In 1797, lots in the 8th and 9th concessions south of domain (the area which would be known as Roxham) were granted. The men who obtained these grants, with names like Calkin, Judd, Swan and Blackleach, did not remain.
In 1798 a boundry dispute arose between the newly surveyed Hemmingford Township and Lacolle along the seigniory's western edge. The problem was attributed to the use of the fluctuating Richelieu River shore line as a basis for the original survey of Lacolle. The dispute continued for over thirty years until a new line was drawn reducing the size of the 9th concession south of domain while adding land to the north.
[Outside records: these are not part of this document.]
(* For all real numbers $a,b>0$ and $0\le v\le 1$, $$G_v(a,b)\le \left\{1+\frac{\mu^2}{2}\left(\log a-\log b\right)^2\right\}G_v(a,b)\le A_v(a,b),$$ where $\mu:=\min\{1-v,v\}$.
   Context: For $a,b>0$ and $0\le v\le 1$: $A_v(a,b):=(1-v)a+vb$ is the weighted arithmetic mean and $G_v(a,b):=a^{1-v}b^v$ is the weighted geometric mean. *)

theory Defs
  imports Complex_Main
begin

definition wam :: "real \<Rightarrow> real \<Rightarrow> real \<Rightarrow> real" where
  "wam v a b = (1 - v) * a + v * b"

definition wgm :: "real \<Rightarrow> real \<Rightarrow> real \<Rightarrow> real" where
  "wgm v a b = a powr (1 - v) * b powr v"

end

theory Submission
  imports Defs "HOL-Analysis.Convex"
begin

(* With t = ln b - ln a, the ratio A_v(a,b)/G_v(a,b) is f(t) = (1-v) e^(-vt) + v e^((1-v)t).
   Here f(0) = 1 and f'(0) = 0, and for v \<le> 1/2 the weighted AM-GM inequality gives f'' \<ge> v^2,
   so Taylor's formula with Lagrange remainder yields f(t) \<ge> 1 + v^2 t^2 / 2.
   The case v > 1/2 reduces to this one by exchanging a and b. *)

lemma wam_swap: "wam (1 - v) b a = wam v a b"
  unfolding wam_def by simp

lemma wgm_swap: "wgm (1 - v) b a = wgm v a b"
  unfolding wgm_def by simp

lemma wgm_nonneg: "0 \<le> wgm v a b"
  unfolding wgm_def by simp

lemma wam_eq_wgm_mult_exp_mix:
  assumes "a > 0" and "b > 0"
  shows "wam v a b
    = wgm v a b * ((1 - v) * exp (- v * (ln b - ln a)) + v * exp ((1 - v) * (ln b - ln a)))"
proof -
  have "a = exp (ln a)" and "b = exp (ln b)" using assms by simp_all
  then show ?thesis
    unfolding wam_def wgm_def powr_def using assms
    by (simp add: algebra_simps flip: exp_add)
qed

lemma exp_mix_second_deriv_ge:
  fixes v t :: real
  assumes "0 \<le> v" and "v \<le> 1/2"
  shows "v^2 \<le> (1 - v) * v^2 * exp (- v * t) + v * (1 - v)^2 * exp ((1 - v) * t)"
proof (cases "v = 0")
  case False
  then have "v > 0" using assms by simp
  define r where "r = v / (1 - v)"
  have r_pos: "0 < r" and r_le_1: "r \<le> 1"
    unfolding r_def using \<open>v > 0\<close> assms by (simp_all add: field_simps)
  \<comment> \<open>the scaling by r makes the weighted geometric mean independent of t\<close>
  have "(r * exp (- v * t)) powr (1 - v) * (exp ((1 - v) * t) / r) powr v
      \<le> (1 - v) * (r * exp (- v * t)) + v * (exp ((1 - v) * t) / r)"
    using Youngs_inequality_0[of "1 - v" v "r * exp (- v * t)" "exp ((1 - v) * t) / r"]
      assms r_pos by simp
  moreover have "(r * exp (- v * t)) powr (1 - v) * (exp ((1 - v) * t) / r) powr v = r powr (1 - 2 * v)"
    using r_pos by (simp add: powr_def ln_mult ln_div algebra_simps flip: exp_add)
  moreover have "r \<le> r powr (1 - 2 * v)"
    using powr_mono'[of "1 - 2 * v" 1 r] r_pos r_le_1 \<open>v > 0\<close> by simp
  moreover have "(1 - v) * (r * exp (- v * t)) + v * (exp ((1 - v) * t) / r)
      = v * exp (- v * t) + (1 - v) * exp ((1 - v) * t)"
    unfolding r_def using \<open>v > 0\<close> assms by (simp add: field_simps)
  ultimately have "r \<le> v * exp (- v * t) + (1 - v) * exp ((1 - v) * t)"
    by linarith
  then have "v * (1 - v) * r \<le> v * (1 - v) * (v * exp (- v * t) + (1 - v) * exp ((1 - v) * t))"
    using assms by (intro mult_left_mono) auto
  moreover have "v * (1 - v) * r = v^2"
    unfolding r_def using assms by (simp add: power2_eq_square)
  ultimately show ?thesis
    by (simp add: algebra_simps power2_eq_square)
qed simp

lemma exp_mix_ge_quadratic:
  fixes v t :: real
  assumes "0 \<le> v" and "v \<le> 1/2"
  shows "1 + v^2 / 2 * t^2 \<le> (1 - v) * exp (- v * t) + v * exp ((1 - v) * t)"
proof -
  define D where "D m s = (1 - v) * (- v)^m * exp (- v * s) + v * (1 - v)^m * exp ((1 - v) * s)"
    for m :: nat and s :: real
  have "DERIV (D m) s :> D (Suc m) s" for m s
    unfolding D_def by (auto intro!: derivative_eq_intros simp: algebra_simps)
  then obtain \<xi> where \<xi>: "D 0 t = (\<Sum>m<2. D m 0 / fact m * t^m) + D 2 \<xi> / fact 2 * t^2"
    using Maclaurin_all_le[of D "D 0" t 2] by blast
  have "(\<Sum>m<2. D m 0 / fact m * t^m) = 1"
    by (simp add: D_def numeral_2_eq_2 algebra_simps)
  moreover have "v^2 / 2 * t^2 \<le> D 2 \<xi> / fact 2 * t^2"
    using exp_mix_second_deriv_ge[OF assms, of \<xi>]
    by (intro mult_right_mono) (auto simp: D_def)
  ultimately show ?thesis
    using \<xi> by (simp add: D_def)
qed

lemma wgm_refined_le_wam:
  assumes "a > 0" and "b > 0" and "0 \<le> v" and "v \<le> 1/2"
  shows "(1 + v^2 / 2 * (ln a - ln b)^2) * wgm v a b \<le> wam v a b"
proof -
  have "(ln a - ln b)^2 = (ln b - ln a)^2"
    by (simp add: power2_commute)
  with exp_mix_ge_quadratic[OF assms(3,4), of "ln b - ln a"] show ?thesis
    unfolding wam_eq_wgm_mult_exp_mix[OF assms(1,2)]
    by (simp add: mult.commute mult_left_mono wgm_nonneg)
qed

theorem theorem2p1:
  fixes a b v :: real
  assumes "a > 0" and "b > 0" and "0 \<le> v" and "v \<le> 1"
  shows "wgm v a b \<le> (1 + (min (1 - v) v)^2 / 2 * (ln a - ln b)^2) * wgm v a b
       \<and> (1 + (min (1 - v) v)^2 / 2 * (ln a - ln b)^2) * wgm v a b \<le> wam v a b"
proof
  show "wgm v a b \<le> (1 + (min (1 - v) v)^2 / 2 * (ln a - ln b)^2) * wgm v a b"
    using wgm_nonneg[of v a b] by (simp add: mult_le_cancel_right1 not_less)
next
  show "(1 + (min (1 - v) v)^2 / 2 * (ln a - ln b)^2) * wgm v a b \<le> wam v a b"
  proof (cases "v \<le> 1/2")
    case True
    then show ?thesis
      using wgm_refined_le_wam[OF assms(1-3) True] by simp
  next
    case False
    have "(ln b - ln a)^2 = (ln a - ln b)^2"
      by (simp add: power2_commute)
    with False wgm_refined_le_wam[OF assms(2,1), of "1 - v"] assms show ?thesis
      by (simp add: wam_swap wgm_swap)
  qed
qed

end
Gabriel Christie died in 1799 and his son, Napier Christie Burton, was next in line to inherit the seigniory. Burton, a Major General in the 3rd regiment, had become more wealthy than his father. In 1801 Napier Christie Burton appointed Samuel Potts as his Agent. The death of Burton's wife forced his return to England and he didn't return to Canada until after the Napoleonic Wars, and then when he did, it was only breifly.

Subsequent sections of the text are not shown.